As an example, have a business datum, the index of this part of data is number of users, index change rate using on year-on-year basis and As an example, the dimension to be detected of this part of data includes: occupation, city, gender and age bracket to ring ratio.In order to which example is convenient, this Embodiment can according to need by taking 4 dimensions as an example, in practical application is arranged other a variety of dimensions, and the present embodiment does not limit this It is fixed.Wherein, professional enumerated value includes following university student, teaching and administrative staff or blue collar etc. 11, the corresponding change rate of each enumerated value It is as follows:
Occupation User is year-on-year User's ring ratio
It can not identify 1.21% 0.13%
University student 3.29% 0.35%
Famous enterprise employee 21.87% 6.1%
Teaching and administrative staff 1.44% 0.62%
Self-employed worker 2.03% 0.27%
Blue collar 0.69% 0.07%
Civil servant 0.81% 0.05%
Medical worker 1.88% 0.19%
White collar 0.13% - 0.02%
Listed company employee - 1.04% - 0.35%
Listed Company 0.43% 0.03%
In this part of data of the present embodiment, using ring ratio as change rate, the ring ratio of number of users is 0.18% (expression use The change rate of amount amount, i.e., the average rate of change for the number of users being calculated with whole part data), data analysis target be, Influence of each dimension to user's ring ratio is analyzed from 4 occupation, city, gender and age bracket dimensions, that is to say, that detection is made The influence of the main reason at user's ring than abnormal variation, each dimension of detection have much or detect which dimension influences maximum Etc..
In the present embodiment, comentropy be in information theory be used for metric amount a concept, comentropy be defined as from The probability of occurrence of chance event is dissipated, higher entropy indicates biggish information content.As soon as a system is more ordered into, comentropy is got over It is low;As soon as comentropy is higher conversely, system is chaotic.Under normal circumstances, the data distribution of each dimension has consistent Property, index does not have unusual fluctuations;And when unusual fluctuations occurs in index, it may be possible to due to the number of wherein one or more dimensions According to there is consistency that is abnormal and destroying data distribution, therefore, the comentropy of dimension can be used as judge the dimension whether shadow The effectively mark of one of snap mark unusual fluctuations.If the comentropy of the dimension is higher, that is, means that the fluctuation of the dimension is got over Greatly, i.e. the influence of Indexes Abnormality fluctuation is maximum;Vice versa.
Based on this, one of the effect of analysis model of the present embodiment can be the comentropy for calculating dimension to be detected, optional , existing comentropy calculation method can be incorporated in the data analysis scene of the present embodiment, by way of example, the comentropy base Determine in such as under type: the chance event in the comentropy is divided into two classes: the corresponding variation of the enumerated value of the dimension to be detected Whether rate is greater than the overall variation rate;The probability that the chance event occurs is determined based on such as under type: the corresponding variation The enumerated value number that rate is greater than the overall variation rate accounts for the ratio of the enumerated value total number of dimension to be detected.Pass through above-mentioned side Chance event in comentropy is divided into two classes by formula, and one kind is to the contributive event of overall variation rate of index, and one kind is pair The overall variation rate of index is without the event of contribution, if contributes whether correspond to change rate by the enumerated value of dimension to be detected big It is determined in overall variation rate, therefore the comentropy of dimension to be detected can be quickly determined.

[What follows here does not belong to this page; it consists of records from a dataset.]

(* Let $n\ge 2$ and let the billiard domain $\mathcal{B}\subset\mathbb{R}^n$ be the region between two parallel affine hyperplanes. Then every trajectory of the no-slip billiard in $\mathcal{B}$ whose initial center-of-mass velocity is not parallel to the hyperplanes is bounded (the position of the particle's center of mass remains in a bounded set). Trajectories remain bounded if a constant force is applied to the particle's center of mass along any direction parallel to the hyperplanes.
   Context: The moving particle is a ball of radius $r>0$ with a rotationally symmetric mass distribution of total mass $m$ whose second-moment matrix per unit mass is $\lambda I$, $\lambda=(r\gamma)^2/2$, $\gamma>0$. Put $c=\frac{1-\gamma^2}{1+\gamma^2}$, $s=\frac{2\gamma}{1+\gamma^2}$, and for $a,b\in\mathbb{R}^n$ let $a\wedge b\in\mathfrak{so}(n)$ be $(a\wedge b)x=(a\cdot x)b-(b\cdot x)a$. The billiard domain $\mathcal{B}$ is the set of admissible positions of the particle's center; at a boundary point $a$, $\nu_a$ is the unit normal pointing into $\mathcal{B}$. A state is $(a,u,U)$ with $u$ the center-of-mass velocity and $U\in\mathfrak{so}(n)$ the angular velocity matrix (a material point at $x$ has velocity $U(x-a)+u$). A no-slip billiard trajectory: between collisions $U$ is constant and the center of mass moves freely (or with constant acceleration $F/m$ under a constant force $F$); at a collision at $a$ the pre-collision $(u,U)$ is replaced by $C_a(u,U)=\big(cu-\tfrac{s}{\gamma}(u\cdot\nu_a)\nu_a+s\gamma rU\nu_a,\ \tfrac{s}{\gamma r}\nu_a\wedge u+U-\tfrac{s}{\gamma}\nu_a\wedge U\nu_a\big)$. *)

theory Defs
  imports "HOL-Analysis.Analysis"
begin

text \<open>Wedge product: (a \<and> b) x = (a . x) b - (b . x) a, as an n x n matrix.\<close>
definition wedge :: "real^'n \<Rightarrow> real^'n \<Rightarrow> real^'n^'n" where
  "wedge a b = (\<chi> i j. b$i * a$j - a$i * b$j)"

definition nsc :: "real \<Rightarrow> real" where "nsc \<gamma> = (1 - \<gamma>^2) / (1 + \<gamma>^2)"
definition nss :: "real \<Rightarrow> real" where "nss \<gamma> = (2 * \<gamma>) / (1 + \<gamma>^2)"

definition collision ::
  "real \<Rightarrow> real \<Rightarrow> real^'n \<Rightarrow> (real^'n) \<times> (real^'n^'n) \<Rightarrow> (real^'n) \<times> (real^'n^'n)" where
  "collision \<gamma> r \<nu> uU = (let u = fst uU; U = snd uU in
     (nsc \<gamma> *\<^sub>R u - (nss \<gamma> / \<gamma> * (u \<bullet> \<nu>)) *\<^sub>R \<nu> + (nss \<gamma> * \<gamma> * r) *\<^sub>R (U *v \<nu>),
      (nss \<gamma> / (\<gamma> * r)) *\<^sub>R wedge \<nu> u + U - (nss \<gamma> / \<gamma>) *\<^sub>R wedge \<nu> (U *v \<nu>)))"

definition slab :: "real^'n \<Rightarrow> real \<Rightarrow> real \<Rightarrow> (real^'n) set" where
  "slab e \<alpha> \<beta> = {x. \<alpha> \<le> x \<bullet> e \<and> x \<bullet> e \<le> \<beta>}"

definition slab_normal :: "real^'n \<Rightarrow> real \<Rightarrow> real \<Rightarrow> real^'n \<Rightarrow> real^'n" where
  "slab_normal e \<alpha> \<beta> a = (if a \<bullet> e = \<alpha> then e else - e)"

definition flight :: "real \<Rightarrow> real^'n \<Rightarrow> real^'n \<Rightarrow> real^'n \<Rightarrow> real \<Rightarrow> real^'n" where
  "flight m F a u \<tau> = a + \<tau> *\<^sub>R u + (\<tau>^2 / (2 * m)) *\<^sub>R F"

text \<open>A no-slip billiard trajectory in the slab: collision times t (t 0 = 0 is the initial
  time), states (a k, u k, U k) right after the k-th collision (k = 0: initial state).\<close>
definition noslip_traj ::
  "real \<Rightarrow> real^'n \<Rightarrow> real \<Rightarrow> real \<Rightarrow> real^'n \<Rightarrow> real \<Rightarrow> real \<Rightarrow>
   (nat \<Rightarrow> real) \<Rightarrow> (nat \<Rightarrow> real^'n) \<Rightarrow> (nat \<Rightarrow> real^'n) \<Rightarrow> (nat \<Rightarrow> real^'n^'n) \<Rightarrow> bool" where
  "noslip_traj m F \<gamma> r e \<alpha> \<beta> t a u U \<longleftrightarrow>
     t 0 = 0 \<and> (\<forall>k. t k < t (Suc k)) \<and>
     a 0 \<in> slab e \<alpha> \<beta> \<and> transpose (U 0) = - U 0 \<and>
     (\<forall>k. \<forall>\<tau>. 0 \<le> \<tau> \<and> \<tau> \<le> t (Suc k) - t k \<longrightarrow> flight m F (a k) (u k) \<tau> \<in> slab e \<alpha> \<beta>) \<and>
     (\<forall>k. a (Suc k) = flight m F (a k) (u k) (t (Suc k) - t k) \<and>
          (a (Suc k) \<bullet> e = \<alpha> \<or> a (Suc k) \<bullet> e = \<beta>) \<and>
          (u (Suc k), U (Suc k)) =
            collision \<gamma> r (slab_normal e \<alpha> \<beta> (a (Suc k)))
              (u k + ((t (Suc k) - t k) / m) *\<^sub>R F, U k))"

end

theory Submission
  imports Defs
begin

text \<open>
  The normal component of the velocity only changes sign at a collision, and the force is
  parallel to the walls, so after the first collision the particle shuttles between the two
  walls with the constant crossing time \<open>T = (\<beta> - \<alpha>) / \<bar>u\<^sub>0 \<bullet> e\<bar>\<close>.
  Along this schedule two quantities survive each crossing followed by a collision:
  the energy \<open>\<bar>u\<bar>\<^sup>2 + (\<gamma> r)\<^sup>2 \<bar>U \<nu>\<bar>\<^sup>2 - (2/m) F \<bullet> a\<close>, and the point
  \<open>a + (T/2) (u - r U \<nu>) + (T\<^sup>2/4m) F\<close>, because a no-slip collision reverses the velocity
  \<open>u - r U \<nu>\<close> of the material point touching the wall.  Eliminating the position between
  the two invariants gives a quadratic inequality bounding \<open>u\<close> and \<open>U \<nu>\<close>, hence the
  position, hence every flight.
\<close>

lemma wedge_mult_vec: "wedge a b *v x = (a \<bullet> x) *\<^sub>R b - (b \<bullet> x) *\<^sub>R a"
  by (simp add: vec_eq_iff matrix_vector_mult_def wedge_def inner_vec_def
      sum_distrib_left sum_distrib_right sum_subtractf algebra_simps)

lemma transpose_wedge: "transpose (wedge a b) = - wedge a b"
  by (simp add: vec_eq_iff transpose_def wedge_def)

lemma transpose_add: "transpose (A + B) = transpose A + transpose (B::'a::semiring_1^'n^'m)"
  by (simp add: vec_eq_iff transpose_def)

lemma transpose_diff: "transpose (A - B) = transpose A - transpose (B::'a::ring_1^'n^'m)"
  by (simp add: vec_eq_iff transpose_def)

lemma skew_mult_vec_inner_self:
  fixes A :: "real^'n^'n"
  assumes "transpose A = - A"
  shows "(A *v x) \<bullet> x = 0"
proof -
  have "(A *v x) \<bullet> x = (x v* A) \<bullet> x"
    by (simp add: dot_lmul_matrix[symmetric] inner_commute)
  also have "x v* A = transpose A *v x"
    by simp
  also have "\<dots> = - (A *v x)"
    using assms by (simp add: vec_eq_iff matrix_vector_mult_def sum_negf)
  finally show ?thesis by simp
qed

lemma matrix_vector_mult_uminus_right: "(A::real^'n^'m) *v (- x) = - (A *v x)"
  by (metis matrix_vector_mult_scaleR scaleR_minus1_left)

lemma one_plus_square_pos: "0 < 1 + \<gamma>\<^sup>2" for \<gamma> :: real
  by (simp add: add_pos_nonneg)

lemma nsc_minus_nss_div: "\<gamma> \<noteq> 0 \<Longrightarrow> nsc \<gamma> - nss \<gamma> / \<gamma> = -1"
  using one_plus_square_pos[of \<gamma>]
  by (simp add: nsc_def nss_def divide_simps)

lemma nss_mult_plus_nsc: "nss \<gamma> * \<gamma> + nsc \<gamma> = 1"
  using one_plus_square_pos[of \<gamma>]
  by (simp add: nsc_def nss_def divide_simps) algebra

lemma nsc_sq_plus_nss_sq: "nsc \<gamma> ^ 2 + nss \<gamma> ^ 2 = 1"
  using one_plus_square_pos[of \<gamma>] by (simp add: nsc_def nss_def divide_simps) algebra

lemma norm_reflection_pair:
  fixes x y :: "'a::real_inner"
  assumes "c\<^sup>2 + s\<^sup>2 = 1"
  shows "(norm (c *\<^sub>R x + s *\<^sub>R y))\<^sup>2 + (norm (s *\<^sub>R x - c *\<^sub>R y))\<^sup>2 = (norm x)\<^sup>2 + (norm y)\<^sup>2"
proof -
  have "(norm (c *\<^sub>R x + s *\<^sub>R y))\<^sup>2 + (norm (s *\<^sub>R x - c *\<^sub>R y))\<^sup>2
      = (c\<^sup>2 + s\<^sup>2) * ((norm x)\<^sup>2 + (norm y)\<^sup>2)"
    unfolding power2_norm_eq_inner
    by (simp add: inner_add_left inner_add_right inner_diff_left inner_diff_right
        inner_commute[of y x] algebra_simps power2_eq_square)
  then show ?thesis using assms by simp
qed

lemma norm_normal_plus_tangential:
  fixes \<nu> z :: "'a::real_inner"
  assumes "\<nu> \<bullet> \<nu> = 1" "z \<bullet> \<nu> = 0"
  shows "(norm (d *\<^sub>R \<nu> + z))\<^sup>2 = d\<^sup>2 + (norm z)\<^sup>2"
  using assms unfolding power2_norm_eq_inner
  by (simp add: inner_add_left inner_add_right inner_commute[of \<nu> z] power2_eq_square)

In an optional implementation, the present embodiment additionally provides a kind of calculation of comentropy, by way of example, In the present embodiment, the comentropy is calculated in the following way:
Wherein, gm(D) comentropy of dimension m is indicated;N is equal to 2, that is, characterizes two class events, i.e., dimension pair to be detected The whether influential event of change rate;
piThe probability that the chance event occurs is indicated in comentropy formula, is characterized in the present embodiment using aforementioned proportion;
D indicates data set in comentropy formula, is characterized in the present embodiment using the change rate.
Further, as an example with aforementioned table 1, the process for calculating comentropy to analysis model illustrates.By It is found that occupation has 11 enumerated values shown in table 1.Wherein, user's ring of each enumerated value is than as shown in table 1, this 11 enumerated values In, the number greater than average ring than 0.18% has 6, and the number no more than average ring than 0.18% has 5, therefore:
The calculating process of the comentropy of occupation may is that 6/11*log (6/11)+5/11*log (5/11).
According to above-mentioned calculation, the comentropy of other dimensions to be detected can also be accordingly calculated.
In practical application, the difference of the enumerated value of different dimensions to be detected may be larger, for example, the enumerated value of gender it is less, And city enumerated value may it is more, comentropy be suitable for the to be detected dimension more to enumerated value calculating, in order to avoid piece It is influenced caused by act value difference is different, in other examples, analysis model can also calculate the information gain-ratio of dimension to be detected, optional , the information gain-ratio can the ratio based on the comentropy and the enumerated value total number of the dimension to be detected and it is true It is fixed, it is influenced so as to weaken enumerated value difference bring.As an example, comentropy and the dimension to be detected can be calculated For the ratio of enumerated value total number as the information gain-ratio, calculating process is as follows:
Intlm(D)=gm(D)/N
Wherein, IntlmIt (D) is the information gain-ratio for indicating dimension m, N is the enumerated value total number of dimension m.
It in other examples, can also be in the ratio based on comentropy and the enumerated value total number of the dimension to be detected On the basis of, information gain-ratio is calculated by increasing the modes such as other modification parameters, the present embodiment is not construed as limiting this.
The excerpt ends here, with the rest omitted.